[[ Record extracts open ]]

(* The following two assertions are equivalent. (i) (Gleason's theorem for $\mathbb{R}^3$.) For every state $P$ on $\mathbb{R}^3$ there is a symmetric positive semidefinite real $3\times 3$ matrix $W$ with trace $1$ such that $P(x)=\langle \vec{x},W\vec{x}\rangle$ for every atom $x$ of $L(\mathbb{R}^3)$, where $\vec{x}$ is a unit vector along $x$. (ii) Every bounded frame function $f$ on the set of all atoms of $L(\mathbb{R}^3)$ which satisfies $f(e_i)=0$ for $1\le i\le 3$ and $f(b_{ij})=0$ for $1\le i<j\le 3$ is identically zero.
   Context: $L(\mathbb{R}^3)$ denotes the lattice of subspaces of $\mathbb{R}^3$ (with its standard inner product); its atoms are the one-dimensional subspaces (rays). For an atom $x$, $\vec{x}$ denotes a unit vector spanning $x$. A frame function on a set $\Gamma$ of atoms of $L(\mathbb{R}^3)$ is a real function $f$ on $\Gamma$ for which there is a constant $C$ such that $f(x)+f(x')+f(x'')=C$ for every triple $x,x',x''$ of pairwise orthogonal atoms in $\Gamma$. A state on $\mathbb{R}^3$ is a function $P$ from the atoms of $L(\mathbb{R}^3)$ to $[0,\infty)$ such that $P(x)+P(x')+P(x'')=1$ for every triple of pairwise orthogonal atoms. Let $\vec{e_1}=(1,0,0)$, $\vec{e_2}=(0,1,0)$, $\vec{e_3}=(0,0,1)$ and $\vec{b_{ij}}=\frac{1}{\sqrt{2}}(\vec{e_i}+\vec{e_j})$ for $1\le i<j\le 3$. Let $e_i$ and $b_{ij}$ denote the rays spanned by these vectors. *)

theory Defs
  imports "HOL-Analysis.Analysis"
begin

definition atoms3 :: "(real^3) set set" where
  "atoms3 = {span {v} | v :: real^3. v \<noteq> 0}"

definition orth_sub :: "(real^3) set \<Rightarrow> (real^3) set \<Rightarrow> bool" where
  "orth_sub x y \<longleftrightarrow> (\<forall>u\<in>x. \<forall>w\<in>y. inner u w = 0)"

definition orth_triple :: "(real^3) set \<Rightarrow> (real^3) set \<Rightarrow> (real^3) set \<Rightarrow> bool" where
  "orth_triple x y z \<longleftrightarrow> x \<in> atoms3 \<and> y \<in> atoms3 \<and> z \<in> atoms3 \<and>
     orth_sub x y \<and> orth_sub x z \<and> orth_sub y z"

definition frame_function :: "(real^3) set set \<Rightarrow> ((real^3) set \<Rightarrow> real) \<Rightarrow> bool" where
  "frame_function \<Gamma> f \<longleftrightarrow> (\<exists>C. \<forall>x y z. x \<in> \<Gamma> \<and> y \<in> \<Gamma> \<and> z \<in> \<Gamma> \<and> orth_triple x y z
        \<longrightarrow> f x + f y + f z = C)"

definition is_state :: "((real^3) set \<Rightarrow> real) \<Rightarrow> bool" where
  "is_state P \<longleftrightarrow> (\<forall>x\<in>atoms3. 0 \<le> P x) \<and>
     (\<forall>x y z. orth_triple x y z \<longrightarrow> P x + P y + P z = 1)"

definition e1 :: "real^3" where "e1 = vector [1, 0, 0]"
definition e2 :: "real^3" where "e2 = vector [0, 1, 0]"
definition e3 :: "real^3" where "e3 = vector [0, 0, 1]"
definition b12 :: "real^3" where "b12 = (1 / sqrt 2) *\<^sub>R (e1 + e2)"
definition b13 :: "real^3" where "b13 = (1 / sqrt 2) *\<^sub>R (e1 + e3)"
definition b23 :: "real^3" where "b23 = (1 / sqrt 2) *\<^sub>R (e2 + e3)"

definition gleason_R3 :: bool where
  "gleason_R3 \<longleftrightarrow> (\<forall>P. is_state P \<longrightarrow>
     (\<exists>W :: real^3^3. transpose W = W \<and> (\<forall>v. 0 \<le> inner v (W *v v)) \<and> trace W = 1 \<and>
        (\<forall>x\<in>atoms3. \<forall>u. u \<in> x \<and> norm u = 1 \<longrightarrow> P x = inner u (W *v u))))"

definition frame_vanishing_R3 :: bool where
  "frame_vanishing_R3 \<longleftrightarrow> (\<forall>f. frame_function atoms3 f \<and>
     (\<exists>B. \<forall>x\<in>atoms3. \<bar>f x\<bar> \<le> B) \<and>
     f (span {e1}) = 0 \<and> f (span {e2}) = 0 \<and> f (span {e3}) = 0 \<and>
     f (span {b12}) = 0 \<and> f (span {b13}) = 0 \<and> f (span {b23}) = 0
     \<longrightarrow> (\<forall>x\<in>atoms3. f x = 0))"

end

theory Submission
  imports Defs
begin

text \<open>For any 3x3 matrix A, the function sending a ray to <u, A u>, u a unit vector on it, is a
  bounded frame function with constant trace A. By polarization a quadratic form on R^3 is
  determined by its values at the six vectors e_i and b_ij, and every six values are attained by a
  symmetric matrix.

  (i) implies (ii): a bounded frame function f, shifted by a constant to become positive and then
  normalized, is a state. By Gleason, f is then a quadratic form plus a constant; vanishing at the
  six rays forces the form to be constant on the unit sphere, so f = 0.

  (ii) implies (i): for a state P take the symmetric W that agrees with P on the six rays. Then P
  minus the form of W is a bounded frame function vanishing on the six rays, hence zero, and the
  positivity and normalization of P make W positive semidefinite with trace 1.\<close>

definition qform :: "real^3^3 \<Rightarrow> real^3 \<Rightarrow> real" where
  "qform A u = inner u (A *v u)"

lemma qform_expand: "qform A u = (\<Sum>i\<in>UNIV. \<Sum>j\<in>UNIV. u$i * A$i$j * u$j)"
  by (simp add: qform_def inner_vec_def matrix_vector_mult_def sum_distrib_left mult.assoc)

lemma qform_expand3:
  "qform A u = u$1^2 * A$1$1 + u$2^2 * A$2$2 + u$3^2 * A$3$3
     + u$1 * u$2 * (A$1$2 + A$2$1) + u$1 * u$3 * (A$1$3 + A$3$1) + u$2 * u$3 * (A$2$3 + A$3$2)"
  by (simp add: qform_expand sum_3 algebra_simps power2_eq_square)

lemma qform_scaleR: "qform A (c *\<^sub>R u) = c^2 * qform A u"
  by (simp add: qform_def matrix_vector_mult_scaleR power2_eq_square)

lemma qform_bounded: "\<exists>K. \<forall>u. \<bar>qform A u\<bar> \<le> K * (norm u)^2"
proof -
  obtain K where K: "\<And>u. norm (A *v u) \<le> K * norm u"
    using linear_bounded[OF matrix_vector_mul_linear] by blast
  have "\<bar>qform A u\<bar> \<le> K * (norm u)^2" for u
  proof -
    have "\<bar>qform A u\<bar> \<le> norm u * norm (A *v u)"
      unfolding qform_def by (rule Cauchy_Schwarz_ineq2)
    also have "\<dots> \<le> norm u * (K * norm u)" by (intro mult_left_mono K) simp
    finally show ?thesis by (simp add: power2_eq_square mult_ac)
  qed
  then show ?thesis by blast
qed

lemma qform_orthonormal_sum:
  assumes "norm u1 = 1" "norm u2 = 1" "norm u3 = 1"
    and "inner u1 u2 = 0" "inner u1 u3 = 0" "inner u2 u3 = 0"
  shows "qform A u1 + qform A u2 + qform A u3 = trace A"
proof -
  define U :: "real^3^3" where "U = vector [u1, u2, u3]"
  have "U ** transpose U = mat 1"
  proof -
    have "(U ** transpose U)$k$l = inner (U$k) (U$l)" for k l
      by (simp add: matrix_matrix_mult_def transpose_def inner_vec_def)
    then show ?thesis using assms
      by (simp add: vec_eq_iff forall_3 U_def mat_def inner_commute norm_eq_1)
  qed
  then have "transpose U ** U = mat 1" using matrix_left_right_inverse by blast
  then have columns: "(\<Sum>k\<in>UNIV. U$k$i * U$k$j) = (if i = j then 1 else 0)" for i j
  proof -
    have "(transpose U ** U)$i$j = (mat 1 :: real^3^3)$i$j"
      using \<open>transpose U ** U = mat 1\<close> by simp
    then show ?thesis by (simp add: matrix_matrix_mult_def transpose_def mat_def)
  qed
  have "qform A u1 + qform A u2 + qform A u3 = (\<Sum>k\<in>UNIV. qform A (U$k))"
    by (simp add: sum_3 U_def)
  also have "\<dots> = (\<Sum>k\<in>UNIV. \<Sum>i\<in>UNIV. \<Sum>j\<in>UNIV. A$i$j * (U$k$i * U$k$j))"
    by (simp add: qform_expand mult_ac)
  also have "\<dots> = (\<Sum>i\<in>UNIV. \<Sum>k\<in>UNIV. \<Sum>j\<in>UNIV. A$i$j * (U$k$i * U$k$j))"
    by (rule sum.swap)
  also have "\<dots> = (\<Sum>i\<in>UNIV. \<Sum>j\<in>UNIV. \<Sum>k\<in>UNIV. A$i$j * (U$k$i * U$k$j))"
    by (rule sum.cong[OF refl], rule sum.swap)
  also have "\<dots> = (\<Sum>i\<in>UNIV. \<Sum>j\<in>UNIV. A$i$j * (\<Sum>k\<in>UNIV. U$k$i * U$k$j))"
    by (simp add: sum_distrib_left)
  also have "\<dots> = trace A"
    by (simp add: columns trace_def if_distrib sum.delta cong: if_cong)
  finally show ?thesis .
qed

definition frame_vectors :: "(real^3) set" where
  "frame_vectors = {e1, e2, e3, b12, b13, b23}"

lemma norm_frame_vectors: "v \<in> frame_vectors \<Longrightarrow> norm v = 1"
  by (auto simp: frame_vectors_def norm_eq_sqrt_inner inner_vec_def sum_3
      b12_def b13_def b23_def e1_def e2_def e3_def)

lemma qform_frame_vectors:
  "qform A e1 = A$1$1" "qform A e2 = A$2$2" "qform A e3 = A$3$3"
  "qform A b12 = (A$1$1 + A$2$2 + A$1$2 + A$2$1) / 2"
  "qform A b13 = (A$1$1 + A$3$3 + A$1$3 + A$3$1) / 2"
  "qform A b23 = (A$2$2 + A$3$3 + A$2$3 + A$3$2) / 2"
  by (simp_all add: qform_expand3 b12_def b13_def b23_def e1_def e2_def e3_def
      power2_eq_square field_simps)

lemma qform_frame_expansion:
  "qform A u = u$1^2 * qform A e1 + u$2^2 * qform A e2 + u$3^2 * qform A e3
     + u$1 * u$2 * (2 * qform A b12 - qform A e1 - qform A e2)
     + u$1 * u$3 * (2 * qform A b13 - qform A e1 - qform A e3)
     + u$2 * u$3 * (2 * qform A b23 - qform A e2 - qform A e3)"
  unfolding qform_frame_vectors qform_expand3[of A u] by (simp add: field_simps)

lemma qform_const_on_frame_vectors:
  assumes "\<forall>v\<in>frame_vectors. qform A v = t"
  shows "qform A u = t * (norm u)^2"
proof -
  have "(norm u)^2 = u$1^2 + u$2^2 + u$3^2"
    unfolding power2_norm_eq_inner by (simp add: inner_vec_def sum_3 power2_eq_square)
  moreover have "qform A e1 = t" "qform A e2 = t" "qform A e3 = t"
    "qform A b12 = t" "qform A b13 = t" "qform A b23 = t"
    using assms by (simp_all add: frame_vectors_def)
  ultimately show ?thesis
    using qform_frame_expansion[of A u] by (simp add: algebra_simps)
qed

lemma symmetric_qform_with_frame_values:
  "\<exists>W. transpose W = W \<and> (\<forall>v\<in>frame_vectors. qform W v = g v)"
proof -
  define W :: "real^3^3" where "W = vector [
      vector [g e1, g b12 - (g e1 + g e2) / 2, g b13 - (g e1 + g e3) / 2],
      vector [g b12 - (g e1 + g e2) / 2, g e2, g b23 - (g e2 + g e3) / 2],
      vector [g b13 - (g e1 + g e3) / 2, g b23 - (g e2 + g e3) / 2, g e3]]"
  have "transpose W = W"
    by (simp add: W_def vec_eq_iff forall_3 transpose_def)
  moreover have "\<forall>v\<in>frame_vectors. qform W v = g v"
    by (simp add: frame_vectors_def qform_frame_vectors W_def)
  ultimately show ?thesis by blast
qed

lemma span_singleton_in_atoms3: "v \<noteq> 0 \<Longrightarrow> span {v} \<in> atoms3"
  unfolding atoms3_def by auto

lemma atoms3_unit_span:
  assumes "x \<in> atoms3"
  obtains u where "x = span {u}" "norm u = 1"
proof -
  obtain v where v: "v \<noteq> 0" "x = span {v}"
    using assms unfolding atoms3_def by auto
  have "sgn v \<in> span {v}"
    by (simp add: sgn_div_norm span_mul span_base)
  moreover have "v = norm v *\<^sub>R sgn v"
    using v(1) by (simp add: sgn_div_norm)
  then have "v \<in> span {sgn v}"
    by (metis span_mul span_base singletonI)
  ultimately have "span {sgn v} = span {v}"
    by (simp add: span_eq)
  then show thesis
    using that[of "sgn v"] v by (simp add: norm_sgn)
qed

lemma unit_in_span_singleton:
  assumes "u \<in> span {v}" "norm u = 1" "norm v = 1"
  shows "u = v \<or> u = - v"
proof -
  obtain c where c: "u = c *\<^sub>R v"
    using assms(1) unfolding span_singleton by auto
  then have "\<bar>c\<bar> = 1" using assms by simp
  then show ?thesis using c by (cases "c \<ge> 0") auto
qed

lemma orth_sub_span_singleton: "orth_sub (span {a}) (span {b}) \<longleftrightarrow> inner a b = 0"
  unfolding orth_sub_def span_singleton by auto

lemma orth_triple_unit_vectors:
  assumes "orth_triple x y z"
  obtains u1 u2 u3 where "x = span {u1}" "y = span {u2}" "z = span {u3}"
    "norm u1 = 1" "norm u2 = 1" "norm u3 = 1"
    "inner u1 u2 = 0" "inner u1 u3 = 0" "inner u2 u3 = 0"
proof -
  have "x \<in> atoms3" "y \<in> atoms3" "z \<in> atoms3"
    using assms by (simp_all add: orth_triple_def)
  then obtain u1 u2 u3 where "x = span {u1}" "y = span {u2}" "z = span {u3}"
    "norm u1 = 1" "norm u2 = 1" "norm u3 = 1"
    by (meson atoms3_unit_span)
  with that assms show thesis
    unfolding orth_triple_def by (simp add: orth_sub_span_singleton)
qed

lemma orth_triple_through_atom:
  assumes "x \<in> atoms3"
  shows "\<exists>y z. orth_triple x y z"
proof -
  obtain v where v: "v \<noteq> 0" "x = span {v}"
    using assms unfolding atoms3_def by auto
  have "dim {v} < DIM(real^3)"
    using dim_le_card[of "{v}"] by simp
  then obtain w where w: "w \<noteq> 0" "\<And>y. y \<in> span {v} \<Longrightarrow> orthogonal w y"
    using orthogonal_to_subspace_exists by blast
  have "dim {v, w} \<le> card {v, w}" by (rule dim_le_card') simp
  also have "\<dots> < DIM(real^3)" by (cases "v = w") auto
  finally obtain z where z: "z \<noteq> 0" "\<And>y. y \<in> span {v, w} \<Longrightarrow> orthogonal z y"
    using orthogonal_to_subspace_exists by blast
  have "inner v w = 0" "inner v z = 0" "inner w z = 0"
    using w(2)[of v] z(2)[of v] z(2)[of w]
    by (simp_all add: span_base orthogonal_def inner_commute)
  then have "orth_triple x (span {w}) (span {z})"
    unfolding orth_triple_def
    using v w z by (simp add: span_singleton_in_atoms3 orth_sub_span_singleton)
  then show ?thesis by blast
qed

[[ Record extracts closed ]]

- Assigned task:
Each line of the entries above that contains "cong" is to be copied.

- Solution for this problem:
    by (rule sum.cong[OF refl], rule sum.swap)
    by (simp add: columns trace_def if_distrib sum.delta cong: if_cong)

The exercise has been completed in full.